> EXERCISE
All of the records must be set down again word for word.

::: DATA EXTRACT :::

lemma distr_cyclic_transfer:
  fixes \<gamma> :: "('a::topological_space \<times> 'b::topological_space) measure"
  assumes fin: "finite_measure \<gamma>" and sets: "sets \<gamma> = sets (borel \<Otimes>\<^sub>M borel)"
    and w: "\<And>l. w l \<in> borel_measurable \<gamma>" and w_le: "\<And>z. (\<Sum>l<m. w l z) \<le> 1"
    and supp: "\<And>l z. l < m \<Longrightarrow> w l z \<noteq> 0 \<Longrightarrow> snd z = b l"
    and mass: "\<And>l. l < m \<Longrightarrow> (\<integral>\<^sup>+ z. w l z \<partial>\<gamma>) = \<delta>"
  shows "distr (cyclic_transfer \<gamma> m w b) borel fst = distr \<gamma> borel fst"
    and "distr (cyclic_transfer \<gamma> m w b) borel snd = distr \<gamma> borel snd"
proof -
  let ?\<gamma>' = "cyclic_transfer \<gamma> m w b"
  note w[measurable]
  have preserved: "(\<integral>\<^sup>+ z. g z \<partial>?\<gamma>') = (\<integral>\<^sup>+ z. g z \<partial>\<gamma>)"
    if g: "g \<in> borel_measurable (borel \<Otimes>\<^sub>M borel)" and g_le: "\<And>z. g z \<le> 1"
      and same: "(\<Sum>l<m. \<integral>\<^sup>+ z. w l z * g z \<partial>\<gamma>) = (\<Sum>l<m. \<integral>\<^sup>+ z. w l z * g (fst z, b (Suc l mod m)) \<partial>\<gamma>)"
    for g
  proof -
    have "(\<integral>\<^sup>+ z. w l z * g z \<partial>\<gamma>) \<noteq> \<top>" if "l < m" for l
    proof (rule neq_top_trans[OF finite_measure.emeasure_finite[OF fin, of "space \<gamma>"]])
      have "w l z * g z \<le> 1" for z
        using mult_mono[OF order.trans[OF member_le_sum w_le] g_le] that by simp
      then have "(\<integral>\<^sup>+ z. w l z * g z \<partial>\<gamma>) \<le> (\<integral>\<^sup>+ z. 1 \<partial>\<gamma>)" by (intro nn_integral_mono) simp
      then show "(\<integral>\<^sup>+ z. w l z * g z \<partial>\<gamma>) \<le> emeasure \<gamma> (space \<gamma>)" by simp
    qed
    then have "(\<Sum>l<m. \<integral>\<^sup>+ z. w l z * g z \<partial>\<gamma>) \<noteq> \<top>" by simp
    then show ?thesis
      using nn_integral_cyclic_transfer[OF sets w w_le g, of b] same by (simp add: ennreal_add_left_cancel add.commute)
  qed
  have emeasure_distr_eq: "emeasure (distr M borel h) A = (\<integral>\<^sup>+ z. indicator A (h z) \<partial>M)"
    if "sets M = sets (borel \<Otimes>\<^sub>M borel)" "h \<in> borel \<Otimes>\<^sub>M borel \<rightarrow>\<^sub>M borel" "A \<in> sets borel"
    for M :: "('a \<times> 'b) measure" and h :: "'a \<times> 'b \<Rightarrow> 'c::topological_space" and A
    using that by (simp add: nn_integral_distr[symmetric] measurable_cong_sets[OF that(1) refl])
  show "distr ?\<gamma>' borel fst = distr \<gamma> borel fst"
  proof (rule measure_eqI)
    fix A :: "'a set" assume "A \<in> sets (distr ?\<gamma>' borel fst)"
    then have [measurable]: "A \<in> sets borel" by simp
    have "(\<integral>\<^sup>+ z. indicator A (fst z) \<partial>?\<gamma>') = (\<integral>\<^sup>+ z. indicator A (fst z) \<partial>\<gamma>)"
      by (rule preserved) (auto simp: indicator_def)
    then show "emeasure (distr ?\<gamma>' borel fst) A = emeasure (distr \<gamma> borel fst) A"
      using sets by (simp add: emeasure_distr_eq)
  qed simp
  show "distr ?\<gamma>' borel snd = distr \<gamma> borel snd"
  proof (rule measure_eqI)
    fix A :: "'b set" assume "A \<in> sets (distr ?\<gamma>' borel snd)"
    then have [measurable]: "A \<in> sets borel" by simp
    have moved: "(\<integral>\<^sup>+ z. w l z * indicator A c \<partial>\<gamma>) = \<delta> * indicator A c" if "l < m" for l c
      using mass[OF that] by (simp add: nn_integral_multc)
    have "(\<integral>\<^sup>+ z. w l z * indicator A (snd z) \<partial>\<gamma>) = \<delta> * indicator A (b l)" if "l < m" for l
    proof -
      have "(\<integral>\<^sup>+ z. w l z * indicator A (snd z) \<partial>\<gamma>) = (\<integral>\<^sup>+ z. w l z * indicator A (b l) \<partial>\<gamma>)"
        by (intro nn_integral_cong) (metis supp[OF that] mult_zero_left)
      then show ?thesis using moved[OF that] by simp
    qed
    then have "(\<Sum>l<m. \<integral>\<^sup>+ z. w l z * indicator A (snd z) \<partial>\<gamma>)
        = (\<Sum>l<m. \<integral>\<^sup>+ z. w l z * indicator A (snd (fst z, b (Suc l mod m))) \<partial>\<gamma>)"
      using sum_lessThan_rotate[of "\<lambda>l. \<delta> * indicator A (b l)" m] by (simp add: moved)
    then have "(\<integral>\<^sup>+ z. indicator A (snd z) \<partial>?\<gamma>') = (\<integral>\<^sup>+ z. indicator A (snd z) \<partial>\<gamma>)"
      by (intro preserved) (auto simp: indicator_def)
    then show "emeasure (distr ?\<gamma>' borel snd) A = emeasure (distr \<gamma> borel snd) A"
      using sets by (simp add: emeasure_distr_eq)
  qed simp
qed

:::

> RESPONSE AREA
lemma distr_cyclic_transfer:
  fixes \<gamma> :: "('a::topological_space \<times> 'b::topological_space) measure"
  assumes fin: "finite_measure \<gamma>" and sets: "sets \<gamma> = sets (borel \<Otimes>\<^sub>M borel)"
    and w: "\<And>l. w l \<in> borel_measurable \<gamma>" and w_le: "\<And>z. (\<Sum>l<m. w l z) \<le> 1"
    and supp: "\<And>l z. l < m \<Longrightarrow> w l z \<noteq> 0 \<Longrightarrow> snd z = b l"
    and mass: "\<And>l. l < m \<Longrightarrow> (\<integral>\<^sup>+ z. w l z \<partial>\<gamma>) = \<delta>"
  shows "distr (cyclic_transfer \<gamma> m w b) borel fst = distr \<gamma> borel fst"
    and "distr (cyclic_transfer \<gamma> m w b) borel snd = distr \<gamma> borel snd"
proof -
  let ?\<gamma>' = "cyclic_transfer \<gamma> m w b"
  note w[measurable]
  have preserved: "(\<integral>\<^sup>+ z. g z \<partial>?\<gamma>') = (\<integral>\<^sup>+ z. g z \<partial>\<gamma>)"
    if g: "g \<in> borel_measurable (borel \<Otimes>\<^sub>M borel)" and g_le: "\<And>z. g z \<le> 1"
      and same: "(\<Sum>l<m. \<integral>\<^sup>+ z. w l z * g z \<partial>\<gamma>) = (\<Sum>l<m. \<integral>\<^sup>+ z. w l z * g (fst z, b (Suc l mod m)) \<partial>\<gamma>)"
    for g
  proof -
    have "(\<integral>\<^sup>+ z. w l z * g z \<partial>\<gamma>) \<noteq> \<top>" if "l < m" for l
    proof (rule neq_top_trans[OF finite_measure.emeasure_finite[OF fin, of "space \<gamma>"]])
      have "w l z * g z \<le> 1" for z
        using mult_mono[OF order.trans[OF member_le_sum w_le] g_le] that by simp
      then have "(\<integral>\<^sup>+ z. w l z * g z \<partial>\<gamma>) \<le> (\<integral>\<^sup>+ z. 1 \<partial>\<gamma>)" by (intro nn_integral_mono) simp
      then show "(\<integral>\<^sup>+ z. w l z * g z \<partial>\<gamma>) \<le> emeasure \<gamma> (space \<gamma>)" by simp
    qed
    then have "(\<Sum>l<m. \<integral>\<^sup>+ z. w l z * g z \<partial>\<gamma>) \<noteq> \<top>" by simp
    then show ?thesis
      using nn_integral_cyclic_transfer[OF sets w w_le g, of b] same by (simp add: ennreal_add_left_cancel add.commute)
  qed
  have emeasure_distr_eq: "emeasure (distr M borel h) A = (\<integral>\<^sup>+ z. indicator A (h z) \<partial>M)"
    if "sets M = sets (borel \<Otimes>\<^sub>M borel)" "h \<in> borel \<Otimes>\<^sub>M borel \<rightarrow>\<^sub>M borel" "A \<in> sets borel"
    for M :: "('a \<times> 'b) measure" and h :: "'a \<times> 'b \<Rightarrow> 'c::topological_space" and A
    using that by (simp add: nn_integral_distr[symmetric] measurable_cong_sets[OF that(1) refl])
  show "distr ?\<gamma>' borel fst = distr \<gamma> borel fst"
  proof (rule measure_eqI)
    fix A :: "'a set" assume "A \<in> sets (distr ?\<gamma>' borel fst)"
    then have [measurable]: "A \<in> sets borel" by simp
    have "(\<integral>\<^sup>+ z. indicator A (fst z) \<partial>?\<gamma>') = (\<integral>\<^sup>+ z. indicator A (fst z) \<partial>\<gamma>)"
      by (rule preserved) (auto simp: indicator_def)
    then show "emeasure (distr ?\<gamma>' borel fst) A = emeasure (distr \<gamma> borel fst) A"
      using sets by (simp add: emeasure_distr_eq)
  qed simp
  show "distr ?\<gamma>' borel snd = distr \<gamma> borel snd"
  proof (rule measure_eqI)
    fix A :: "'b set" assume "A \<in> sets (distr ?\<gamma>' borel snd)"
    then have [measurable]: "A \<in> sets borel" by simp
    have moved: "(\<integral>\<^sup>+ z. w l z * indicator A c \<partial>\<gamma>) = \<delta> * indicator A c" if "l < m" for l c
      using mass[OF that] by (simp add: nn_integral_multc)
    have "(\<integral>\<^sup>+ z. w l z * indicator A (snd z) \<partial>\<gamma>) = \<delta> * indicator A (b l)" if "l < m" for l
    proof -
      have "(\<integral>\<^sup>+ z. w l z * indicator A (snd z) \<partial>\<gamma>) = (\<integral>\<^sup>+ z. w l z * indicator A (b l) \<partial>\<gamma>)"
        by (intro nn_integral_cong) (metis supp[OF that] mult_zero_left)
      then show ?thesis using moved[OF that] by simp
    qed
    then have "(\<Sum>l<m. \<integral>\<^sup>+ z. w l z * indicator A (snd z) \<partial>\<gamma>)
        = (\<Sum>l<m. \<integral>\<^sup>+ z. w l z * indicator A (snd (fst z, b (Suc l mod m))) \<partial>\<gamma>)"
      using sum_lessThan_rotate[of "\<lambda>l. \<delta> * indicator A (b l)" m] by (simp add: moved)
    then have "(\<integral>\<^sup>+ z. indicator A (snd z) \<partial>?\<gamma>') = (\<integral>\<^sup>+ z. indicator A (snd z) \<partial>\<gamma>)"
      by (intro preserved) (auto simp: indicator_def)
    then show "emeasure (distr ?\<gamma>' borel snd) A = emeasure (distr \<gamma> borel snd) A"
      using sets by (simp add: emeasure_distr_eq)
  qed simp
qed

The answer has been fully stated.